As the teams take to the pitch in Eastlands on Saturday two teams will meet who have a very similar ownership structure and transfer policy. Whilst Chelsea have stopped their mega-spending they did attempt to assemble a squad of the best players at any cost after their initial take over, Manchester City have had to continue to try to ‘buy’ success. As these teams meet Chelsea sit atop the Premier League following a blistering start to the season, Manchester City meanwhile sit 7 points behind in 4th place. Man City have finished their second year under their mega-rich owners and the question remains can they follow Chelsea’s – literal – lead?
In June 2003, Chelsea were sold to Billionaire Russian Roman Abramovich in a move that rocked football. This was one of the largest buy-outs in football history and Abramovich set about by allowing his Manager, then Claudio Ranieri, to spend as he liked in the transfer market. Chelsea improved from 4th to 2nd behind Arsenal in their ‘Unbeatables’ season. Ranieri also took them to the semi-final of the Champions League but bizarrely lost out to Monaco. A change in manager soon followed as the eventual European Champion that year was chosen to take Chelsea to the next level. We are all aware of what happened next as Chelsea went on to win the league and established themselves as perennial title contenders.
In August 2008 Manchester City were bought by Abu Dhabi United Group whose total capital dwarfs that of Abramovich they stated their intent by purchasing Robinho from under the noses of their London opponents. Unfortunately for the club the ownership change arrived too late in the transfer window to allow City to set-up for the season coming a situation that was not rectified until the following summer as they outlaid £100m on new talent. The improvement from 10th to 5th was not enough to keep Mark Hughes in a job. City narrowly missed out on the Champions League and returned to spending this summer with the belief that this investment would make them contenders not just for a Champions League spot but a title run was possible.

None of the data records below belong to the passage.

definition gtil :: "'n::finite cmat \<Rightarrow> 'n cmat \<Rightarrow> real" where
  "gtil X Y = gcan X Y / (real CARD('n) + 1)"

text \<open>Levi-Civita connection on left-invariant fields (Koszul formula).\<close>
definition nabla :: "'n::finite cmat \<Rightarrow> 'n cmat \<Rightarrow> 'n cmat" where
  "nabla X Y = (THE Z. Z \<in> su_alg \<and> (\<forall>W\<in>su_alg.
      gtil Z W = (gtil (lie_br X Y) W - gtil (lie_br Y W) X + gtil (lie_br W X) Y) / 2))"

definition curv :: "'n::finite cmat \<Rightarrow> 'n cmat \<Rightarrow> 'n cmat \<Rightarrow> 'n cmat" where
  "curv X Y Z = nabla X (nabla Y Z) - nabla Y (nabla X Z) - nabla (lie_br X Y) Z"

definition sec_curv :: "'n::finite cmat \<Rightarrow> 'n cmat \<Rightarrow> real" where
  "sec_curv X Y = gtil (curv X Y Y) X / (gtil X X * gtil Y Y - (gtil X Y)\<^sup>2)"

end

theory Submission
  imports Defs
begin

text \<open>
  Write \<open>|.|\<close> for the norm of \<open>g\<^sub>~\<close> on \<open>su(n,1)\<close>. Since \<open>(n+1) g\<^sub>~(X,Y) = B(X\<^sup>*,Y)\<close>
  and \<open>ad X\<^sup>*\<close> is the \<open>g\<^sub>~\<close>-adjoint of \<open>ad X\<close>, computing \<open>B(Z\<^sup>*,Z) = tr(ad Z\<^sup>* ad Z)\<close> in an
  orthonormal basis through \<open>Y/|Y|\<close> gives \<open>|[Z,Y]|\<^sup>2 \<le> (n+1) |Z|\<^sup>2 |Y|\<^sup>2\<close>.
  For any left-invariant metric with \<open>|[X,Y]|\<^sup>2 \<le> C |X|\<^sup>2 |Y|\<^sup>2\<close>, the Koszul formula gives
  \<open>|\<nabla>\<^sub>X Y| \<le> 3/2 \<surd>C |X| |Y|\<close>; metric compatibility turns \<open>g(R(X,Y)Y,X)\<close> into
  \<open>-g(\<nabla>\<^sub>Y Y,\<nabla>\<^sub>X X) + g(\<nabla>\<^sub>X Y,\<nabla>\<^sub>Y X) - g(\<nabla>\<^bsub>[X,Y]\<^esub> Y,X)\<close>, which is therefore at most
  \<open>(9/4 + 9/4 + 3/2) C |X|\<^sup>2 |Y|\<^sup>2\<close>. As this numerator is unchanged when \<open>Y\<close> is made
  orthogonal to \<open>X\<close>, all sectional curvatures are at most \<open>6C = 6(n+1) \<le> (36n+21)/4\<close>.
\<close>

section \<open>Orthonormal frames and traces\<close>

definition inner_product_on :: "('a::real_vector \<Rightarrow> 'a \<Rightarrow> real) \<Rightarrow> 'a set \<Rightarrow> bool" where
  "inner_product_on G V \<longleftrightarrow>
     bilinear G \<and> (\<forall>a\<in>V. \<forall>b\<in>V. G a b = G b a) \<and> (\<forall>a\<in>V. a \<noteq> 0 \<longrightarrow> 0 < G a a)"
(* Let $\varphi$ be an Orlicz $N$-function with Young–Fenchel transform $\psi$ and let $q_\varphi$ be the generalized inverse of the density of $\varphi$. Let $\{X_{k,n},k\ge1,n\ge1\}$ be a double array of $\varphi$-subgaussian random variables with $\sup_{k,n\in\mathbb N}\tau_\varphi(X_{k,n})\le1$. Suppose there exists $\varepsilon_0>0$ such that for every $\varepsilon\in(0,\varepsilon_0]$ $$\int_0^{+\infty}\psi(x)q_\varphi(x)\exp(-\varepsilon q_\varphi(x))\,dx<+\infty.$$ Then $$\lim_{m\vee j\to+\infty}\left(\max_{1\le k\le m,1\le n\le j}X_{k,n}-\psi^{-1}(\ln(mj))\right)^+=0\quad\text{a.s.}$$
   Context: An Orlicz $N$-function is a continuous even convex function $\varphi:\mathbb R\to\mathbb R$ with $\varphi(0)=0$, increasing on $(0,\infty)$, with $\varphi(x)/x\to0$ as $x\to0$ and $\varphi(x)/x\to+\infty$ as $x\to+\infty$. It can be written $\varphi(x)=\int_0^{|x|}p_\varphi(t)\,dt$ with non-decreasing density $p_\varphi$; its generalized inverse is $q_\varphi(t)=\sup\{u\ge0:p_\varphi(u)\le t\}$. The Young–Fenchel transform is $\psi(x)=\sup_{y\in\mathbb R}(xy-\varphi(y))$, with $\psi(x)=\int_0^{|x|}q_\varphi(t)dt$; $\psi^{-1}$ is the inverse of $\psi$ on $[0,\infty)$. A random variable $X$ is $\varphi$-subgaussian if $EX=0$ and there is a finite $a>0$ with $E\exp(tX)\le\exp(\varphi(at))$ for all $t$; $\tau_\varphi(X)=\inf\{a>0:E\exp(tX)\le\exp(\varphi(at))\ \forall t\}$. $u^+=\max(u,0)$. $\lim_{m\vee j\to\infty}b_{m,j}=b$ means: for every $\varepsilon>0$ there is $N$ with $|b_{m,j}-b|<\varepsilon$ whenever $\max(m,j)\ge N$. *)

theory Defs
  imports "HOL-Probability.Probability"
begin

The difference between these two stories is, at first glance, the almost instant success at Chelsea after replacing the incumbent manager has not been replicated at Manchester City but to draw your conclusion from that is not accurate as both teams did not start on equal footing. At Chelsea Abramovich had acquired a Champions League team whom he set about improving. They already had recognised stars in Frank Lampard, John Terry and William Gallas. The same could not be said for Manchester City as the new owners took a look at their squad, the excitement around City had been around the potential of players such as Richards, Johnson and Ireland rather than the top class calibre that Chelsea has. Also as alluded to above Chelsea were bought in June allowing Ranieri to improve upon his squad all over the summer, City were hampered in this regard. Finally, the draw of Champions League football was key in Chelsea’s recruitment drive, Manchester City can only offer the potential of the competition in this regard.
Chelsea were the model to follow in regards to ‘buying’ success, Abramovich took a top 4 club and gave them the funds to buy the players necessary to be title winners. Stability has been key to this success it is no surprise that in their least successful season since takeover Chelsea changed their manager in mid-season (Mourinho left relatively early the previous season). Still to call a FA cup and a CL semi-final as ‘unsuccessful’ shows how far Chelsea have come. The core spine of Drogba, Lampard, Terry and Cech were the key to this success and in this regard Manchester City are starting to show improvement their spine of Hart, Kompany, Barry and Tevez may not be title contenders just yet but if they keep those players together they could base their success around it. On the wings Chelsea initially found success with a young pairing of Damien Duff and Arjen Robben. Adam Johnson is the equal of Duff at that stage in his career and David Silva would hope to emulate Robben’s eventual rise to prominance despite his slow start. Full-backs were an issue for Chelsea early on and the same seems true for City. Much like Asier Del Horno (remember him) Kolorov has not adapted to the English game as the club may have liked, it took a tapping up charge for Chelsea to settle one of their full-backs let’s hope City can avoid that route.
Manchester City are starting to show the roots that made Chelsea the team they are today. A win on Saturday could reignite optimism around the club a defeat and the nay-sayers will be calling for unnecessary change. Having started with a weaker hand than Chelsea did instant success was unrealistic, the move to Mancini has not been heralded as a complete success but his style mimics that of Mourinho. Mourinho had the comfort of having a strong team to begin with and therefore had the ability to stay unbeaten until an early season loss (their only loss) to – yep – Man City. Mancini is now in the year where this type of success needs to be replicated. Mourinho did so on the basis of a strong defence, his winning detracted from accusations of boring football. Mancini’s record cannot provide this shield just yet.
Really, Manchester City’s expectations for the rest of the season depend on their result on Saturday if they play for and achieve a draw it is a tacit acceptance of Chelsea’s superiority if they lose then even in September the title looks lost but if they win they could be beginning the season that finally sets them in the Premier League elite and officially confirm them as Chelsea’s (only) bogey team.